Tentou voltar para seu portal, que quebrou ao seu desejo. Vi então a forma de tirar sua mão
gélida de minha pele, usando vidro quebrado para cortar seu pulso. O sangue jorrando, sua
vida se esvaindo pelo corte e correndo pelo chão. Custou também meu sangue, escapando
pelo mesmo pulso. O pior era como estava gelado. Angustiante, como milhões de espíritos
amargurados me possuíssem, o frio de um inferno de infelicidade, como se fosse eu a
personificação do pavor do qual os mortos são submetidos.
Que a morte me levasse ao fogo do inferno. Eu precisava ser o fogo. Mais e mais cortes para
que o calor entrasse por minha pele. Para que o sangue corresse quente. Voltei para os
pedaços de vidro, que começaram a explodir, de todos os lados. Vidro caindo do teto. O som
agudo ultrapassa os limites do insuportável, rasgando minha alma de tão alto. E quanto mais
eu podia ouvir, parecia que o frio aumentava.

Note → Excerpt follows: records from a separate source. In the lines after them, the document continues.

(* In the setting of the controlled system $\dot g=T_eR_g(\xi)$, $\dot\xi+\sharp[\mathrm{ad}^*_\xi\flat(\xi)]=\sum_a u^af_a$ with $\mathfrak{g}=\mathfrak{d}\oplus\mathfrak{f}$, let $u^*$ be the unique control law making $\mathfrak{d}$ a virtual nonholonomic constraint. Then every solution $\xi(t)$ of the closed-loop system with $\xi(0)\in\mathfrak{d}$ satisfies $$\dot\xi+\nabla^{\mathfrak{c}}_\xi\xi=0,$$ where $\nabla^{\mathfrak{c}}$ is the induced constrained connection; and $\mathfrak{d}$ is geodesically invariant for $\nabla^{\mathfrak{c}}$, i.e. solutions of $\dot\xi+\nabla^{\mathfrak{c}}_\xi\xi=0$ with $\xi(0)\in\mathfrak{d}$ remain in $\mathfrak{d}$.
   Context: $G$ is an $n$-dimensional Lie group with Lie algebra $\mathfrak{g}=T_eG$, an inner product $\langle\cdot,\cdot\rangle$ on $\mathfrak{g}$ inducing a right-invariant metric on $G$ with Levi-Civita connection $\nabla$; $R_g(h)=hg$, $\xi_R(g)=T_eR_g\xi$. $\flat(\xi)(\eta)=\langle\xi,\eta\rangle$, $\sharp=\flat^{-1}$, $\mathrm{ad}^*_\xi$ dual of $\mathrm{ad}_\xi=[\xi,\cdot]$. $f_1,\dots,f_m\in\mathfrak{g}$ are linearly independent spanning $\mathfrak{f}$, $\mathfrak{d}$ is a subspace with $\mathfrak{g}=\mathfrak{d}\oplus\mathfrak{f}$, with projections $\mathfrak{p}:\mathfrak{g}\to\mathfrak{d}$, $\mathfrak{q}:\mathfrak{g}\to\mathfrak{f}$. The control law $u^*(\xi)=(\tau^1(\xi),\dots,\tau^m(\xi))$ is defined by $\sharp[\mathrm{ad}^*_\xi\flat(\xi)]=\eta(\xi)+\sum_b\tau^b(\xi)f_b$ with $\eta(\xi)\in\mathfrak{d}$. The Riemannian $\mathfrak{g}$-connection is $\nabla^{\mathfrak{g}}_\xi\eta:=(\nabla_{\xi_R}\eta_R)(e)$, and the induced constrained connection is $\nabla^{\mathfrak{c}}_\xi\eta:=\nabla^{\mathfrak{g}}_\xi\eta+\nabla^{\mathfrak{g}}_\xi(\mathfrak{q}(\eta))-\mathfrak{q}(\nabla^{\mathfrak{g}}_\xi\eta)$. *)

theory Defs
  imports "HOL-Analysis.Analysis"
begin

text \<open>The Lie algebra g is modelled as a finite-dimensional real inner product space
  (type class euclidean_space, whose inner product is the given inner product on g)
  together with a Lie bracket br.\<close>

definition lie_bracket :: "('a::real_vector \<Rightarrow> 'a \<Rightarrow> 'a) \<Rightarrow> bool" where
  "lie_bracket br \<longleftrightarrow> bilinear br \<and> (\<forall>x y. br x y = - br y x) \<and>
     (\<forall>x y z. br x (br y z) + br y (br z x) + br z (br x y) = 0)"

Me arrastei pelo fogo e me encolhi implorando para que me cobrisse, me consumisse. Eu não
queria mais nada a não ser o fogo. Mesmo que queimasse o ar, me impedindo de respirar.
Respirar era atrair o frio. Eu estava muito grande, muito ar no corpo, muito frio. A casa era
pequena, e a cada segundo parecia infinitamente menor. As paredes se aproximando. Cada
vez respirando menos. Estava acabando, a casa consumindo o fogo, o fogo me consumindo.
Eu queria que acabasse logo, não havia mais nada no mundo que fosse quente o bastante
então não valia a pena viver. Me quebrando, contorcendo. Me entreguei a casa, ao fogo, ao
calor. Ficando tão pequena, menor que a vida, menos que o ar.
Continuo, cada vez mais dentro de mim, consumida pela memória.